┌──

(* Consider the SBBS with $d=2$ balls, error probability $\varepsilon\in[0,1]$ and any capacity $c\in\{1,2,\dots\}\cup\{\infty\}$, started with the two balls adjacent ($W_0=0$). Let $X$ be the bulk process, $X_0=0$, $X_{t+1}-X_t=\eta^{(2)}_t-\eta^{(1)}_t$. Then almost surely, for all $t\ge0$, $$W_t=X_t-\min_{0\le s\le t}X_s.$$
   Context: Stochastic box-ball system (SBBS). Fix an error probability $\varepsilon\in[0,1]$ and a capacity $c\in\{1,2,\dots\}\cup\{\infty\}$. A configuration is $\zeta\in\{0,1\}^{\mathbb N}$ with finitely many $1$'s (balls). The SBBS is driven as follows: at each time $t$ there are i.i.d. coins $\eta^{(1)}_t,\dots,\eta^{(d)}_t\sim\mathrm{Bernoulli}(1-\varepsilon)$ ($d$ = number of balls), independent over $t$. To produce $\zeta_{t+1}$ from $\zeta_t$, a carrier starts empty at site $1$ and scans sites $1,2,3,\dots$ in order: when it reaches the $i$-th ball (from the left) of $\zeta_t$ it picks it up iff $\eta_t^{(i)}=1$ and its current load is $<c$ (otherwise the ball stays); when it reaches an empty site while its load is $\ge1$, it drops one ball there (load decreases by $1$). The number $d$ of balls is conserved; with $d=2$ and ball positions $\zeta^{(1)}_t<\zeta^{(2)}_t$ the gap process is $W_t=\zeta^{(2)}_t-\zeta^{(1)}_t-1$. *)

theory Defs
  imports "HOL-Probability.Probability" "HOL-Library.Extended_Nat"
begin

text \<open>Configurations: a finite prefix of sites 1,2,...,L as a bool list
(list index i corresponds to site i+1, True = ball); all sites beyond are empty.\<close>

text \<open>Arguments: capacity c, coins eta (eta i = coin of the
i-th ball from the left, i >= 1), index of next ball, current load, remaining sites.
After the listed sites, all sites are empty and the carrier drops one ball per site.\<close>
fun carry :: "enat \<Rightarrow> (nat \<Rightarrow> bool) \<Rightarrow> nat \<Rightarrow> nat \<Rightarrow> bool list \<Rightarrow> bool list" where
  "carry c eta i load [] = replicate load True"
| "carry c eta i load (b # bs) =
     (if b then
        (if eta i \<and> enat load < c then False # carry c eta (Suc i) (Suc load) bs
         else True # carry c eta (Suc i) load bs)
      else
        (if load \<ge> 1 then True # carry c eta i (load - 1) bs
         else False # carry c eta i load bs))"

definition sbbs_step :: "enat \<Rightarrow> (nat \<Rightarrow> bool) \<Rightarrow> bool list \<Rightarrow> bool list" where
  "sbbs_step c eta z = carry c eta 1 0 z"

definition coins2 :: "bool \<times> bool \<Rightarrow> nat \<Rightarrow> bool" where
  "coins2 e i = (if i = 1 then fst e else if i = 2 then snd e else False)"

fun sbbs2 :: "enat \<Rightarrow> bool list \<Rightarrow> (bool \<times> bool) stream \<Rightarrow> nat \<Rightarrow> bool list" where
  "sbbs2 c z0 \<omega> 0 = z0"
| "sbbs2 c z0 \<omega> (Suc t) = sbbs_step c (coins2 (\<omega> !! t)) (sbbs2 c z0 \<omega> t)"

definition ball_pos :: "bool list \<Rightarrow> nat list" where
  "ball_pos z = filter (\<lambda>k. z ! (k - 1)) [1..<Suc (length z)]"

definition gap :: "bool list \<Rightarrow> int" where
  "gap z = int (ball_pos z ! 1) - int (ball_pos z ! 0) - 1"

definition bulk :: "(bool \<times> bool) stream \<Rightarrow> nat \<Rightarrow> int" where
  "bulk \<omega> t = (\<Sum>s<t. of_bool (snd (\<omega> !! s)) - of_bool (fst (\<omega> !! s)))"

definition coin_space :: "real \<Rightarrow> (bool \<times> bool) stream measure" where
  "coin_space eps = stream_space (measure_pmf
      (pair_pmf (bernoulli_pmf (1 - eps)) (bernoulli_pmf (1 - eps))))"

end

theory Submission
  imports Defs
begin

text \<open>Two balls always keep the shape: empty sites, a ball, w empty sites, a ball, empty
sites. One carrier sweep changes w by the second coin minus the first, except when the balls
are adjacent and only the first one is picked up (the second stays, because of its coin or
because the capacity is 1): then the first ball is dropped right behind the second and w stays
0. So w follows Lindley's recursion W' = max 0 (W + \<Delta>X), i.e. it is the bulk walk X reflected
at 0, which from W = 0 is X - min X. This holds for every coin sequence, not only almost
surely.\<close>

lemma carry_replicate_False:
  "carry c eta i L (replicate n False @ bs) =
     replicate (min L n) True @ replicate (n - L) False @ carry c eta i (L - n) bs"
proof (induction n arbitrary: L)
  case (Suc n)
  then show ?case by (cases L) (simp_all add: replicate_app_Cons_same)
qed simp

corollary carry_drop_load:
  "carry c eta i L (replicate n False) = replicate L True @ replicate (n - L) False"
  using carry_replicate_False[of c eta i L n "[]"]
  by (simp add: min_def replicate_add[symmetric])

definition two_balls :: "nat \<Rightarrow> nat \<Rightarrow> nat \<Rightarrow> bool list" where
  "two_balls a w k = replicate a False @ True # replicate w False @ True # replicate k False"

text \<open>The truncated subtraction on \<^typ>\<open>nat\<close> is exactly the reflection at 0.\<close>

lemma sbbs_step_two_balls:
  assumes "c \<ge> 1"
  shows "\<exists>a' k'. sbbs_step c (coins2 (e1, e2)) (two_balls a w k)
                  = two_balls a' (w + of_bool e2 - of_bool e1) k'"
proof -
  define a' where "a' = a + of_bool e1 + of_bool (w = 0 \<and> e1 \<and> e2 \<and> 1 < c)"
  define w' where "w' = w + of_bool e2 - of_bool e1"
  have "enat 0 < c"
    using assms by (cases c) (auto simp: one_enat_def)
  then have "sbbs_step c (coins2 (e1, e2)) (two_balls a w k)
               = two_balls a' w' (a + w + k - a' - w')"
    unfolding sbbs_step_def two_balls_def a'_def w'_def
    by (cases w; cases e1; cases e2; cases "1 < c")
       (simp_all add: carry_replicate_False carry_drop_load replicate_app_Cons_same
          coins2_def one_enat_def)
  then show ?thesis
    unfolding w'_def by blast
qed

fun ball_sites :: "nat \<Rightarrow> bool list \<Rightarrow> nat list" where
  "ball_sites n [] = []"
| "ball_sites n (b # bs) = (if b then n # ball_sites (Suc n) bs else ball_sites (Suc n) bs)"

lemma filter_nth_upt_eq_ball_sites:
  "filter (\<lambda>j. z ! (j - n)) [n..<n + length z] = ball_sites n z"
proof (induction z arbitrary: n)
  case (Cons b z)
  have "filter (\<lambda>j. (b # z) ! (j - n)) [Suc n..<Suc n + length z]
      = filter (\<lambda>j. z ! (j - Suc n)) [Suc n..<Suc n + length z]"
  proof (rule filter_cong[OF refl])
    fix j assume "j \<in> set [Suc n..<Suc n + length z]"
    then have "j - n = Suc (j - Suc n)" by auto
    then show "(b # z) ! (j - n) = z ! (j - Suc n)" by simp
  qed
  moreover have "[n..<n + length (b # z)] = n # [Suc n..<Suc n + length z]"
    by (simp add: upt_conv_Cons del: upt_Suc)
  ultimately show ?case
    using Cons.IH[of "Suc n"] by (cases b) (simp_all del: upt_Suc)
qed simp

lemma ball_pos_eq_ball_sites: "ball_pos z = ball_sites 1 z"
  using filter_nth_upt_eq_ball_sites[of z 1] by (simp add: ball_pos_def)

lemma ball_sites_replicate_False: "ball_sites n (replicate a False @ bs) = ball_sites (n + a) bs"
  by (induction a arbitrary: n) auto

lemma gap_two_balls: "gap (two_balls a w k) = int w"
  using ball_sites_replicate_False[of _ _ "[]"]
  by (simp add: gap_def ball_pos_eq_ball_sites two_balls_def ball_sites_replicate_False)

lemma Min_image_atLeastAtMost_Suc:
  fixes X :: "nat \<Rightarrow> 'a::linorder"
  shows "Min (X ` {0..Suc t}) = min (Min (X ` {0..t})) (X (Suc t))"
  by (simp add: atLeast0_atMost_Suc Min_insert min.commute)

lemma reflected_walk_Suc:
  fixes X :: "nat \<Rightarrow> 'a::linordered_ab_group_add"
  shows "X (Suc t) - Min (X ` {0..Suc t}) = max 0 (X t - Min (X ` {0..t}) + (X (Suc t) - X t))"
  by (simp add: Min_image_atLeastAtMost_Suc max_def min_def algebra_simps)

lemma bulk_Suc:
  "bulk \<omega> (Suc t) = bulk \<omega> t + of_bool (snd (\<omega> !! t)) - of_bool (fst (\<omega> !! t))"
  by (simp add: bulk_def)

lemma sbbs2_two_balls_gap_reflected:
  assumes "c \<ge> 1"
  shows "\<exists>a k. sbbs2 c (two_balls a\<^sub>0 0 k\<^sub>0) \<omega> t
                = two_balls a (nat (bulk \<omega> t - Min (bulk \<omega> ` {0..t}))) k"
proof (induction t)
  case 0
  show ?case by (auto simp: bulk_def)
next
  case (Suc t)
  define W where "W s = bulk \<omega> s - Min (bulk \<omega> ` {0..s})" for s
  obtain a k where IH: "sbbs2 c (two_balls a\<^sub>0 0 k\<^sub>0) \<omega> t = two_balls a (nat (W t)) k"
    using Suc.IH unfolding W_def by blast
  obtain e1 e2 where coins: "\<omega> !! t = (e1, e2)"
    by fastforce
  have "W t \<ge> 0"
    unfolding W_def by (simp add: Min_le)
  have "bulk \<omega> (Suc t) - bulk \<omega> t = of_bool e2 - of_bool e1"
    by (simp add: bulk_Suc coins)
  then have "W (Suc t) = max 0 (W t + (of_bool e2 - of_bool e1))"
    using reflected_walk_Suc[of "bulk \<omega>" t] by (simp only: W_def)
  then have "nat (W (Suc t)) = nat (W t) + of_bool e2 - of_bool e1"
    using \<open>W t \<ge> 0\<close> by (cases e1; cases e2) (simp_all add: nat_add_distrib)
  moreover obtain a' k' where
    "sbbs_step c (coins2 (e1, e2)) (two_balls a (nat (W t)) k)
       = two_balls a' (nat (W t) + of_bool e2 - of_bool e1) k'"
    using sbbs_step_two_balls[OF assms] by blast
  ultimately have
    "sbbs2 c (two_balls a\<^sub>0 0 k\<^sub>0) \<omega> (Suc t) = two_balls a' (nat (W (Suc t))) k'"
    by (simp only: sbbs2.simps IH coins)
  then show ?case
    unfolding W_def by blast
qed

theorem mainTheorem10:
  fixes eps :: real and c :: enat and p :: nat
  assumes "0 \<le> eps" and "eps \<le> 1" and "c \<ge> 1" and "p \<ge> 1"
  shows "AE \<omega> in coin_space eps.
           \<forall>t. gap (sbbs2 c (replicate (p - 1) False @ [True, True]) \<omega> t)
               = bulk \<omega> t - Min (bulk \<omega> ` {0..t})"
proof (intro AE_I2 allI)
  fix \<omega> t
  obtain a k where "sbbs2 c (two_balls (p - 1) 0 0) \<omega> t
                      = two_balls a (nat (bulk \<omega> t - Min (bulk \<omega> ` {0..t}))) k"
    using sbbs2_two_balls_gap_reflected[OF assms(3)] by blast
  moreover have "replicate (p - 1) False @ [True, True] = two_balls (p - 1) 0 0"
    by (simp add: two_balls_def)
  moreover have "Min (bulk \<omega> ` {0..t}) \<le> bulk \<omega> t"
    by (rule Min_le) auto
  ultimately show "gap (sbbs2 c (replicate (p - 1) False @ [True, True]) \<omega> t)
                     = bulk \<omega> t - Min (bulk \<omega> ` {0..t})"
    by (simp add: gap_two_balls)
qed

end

└──

Problem to solve:
Copy out exactly the lines that begin at the one with "using sbbs2_two_balls_gap_reflected[OF assms(3)]" and end at the close of the material above; nothing else belongs in the answer.

Answer for the task:
    using sbbs2_two_balls_gap_reflected[OF assms(3)] by blast
  moreover have "replicate (p - 1) False @ [True, True] = two_balls (p - 1) 0 0"
    by (simp add: two_balls_def)
  moreover have "Min (bulk \<omega> ` {0..t}) \<le> bulk \<omega> t"
    by (rule Min_le) auto
  ultimately show "gap (sbbs2 c (replicate (p - 1) False @ [True, True]) \<omega> t)
                     = bulk \<omega> t - Min (bulk \<omega> ` {0..t})"
    by (simp add: gap_two_balls)
qed

end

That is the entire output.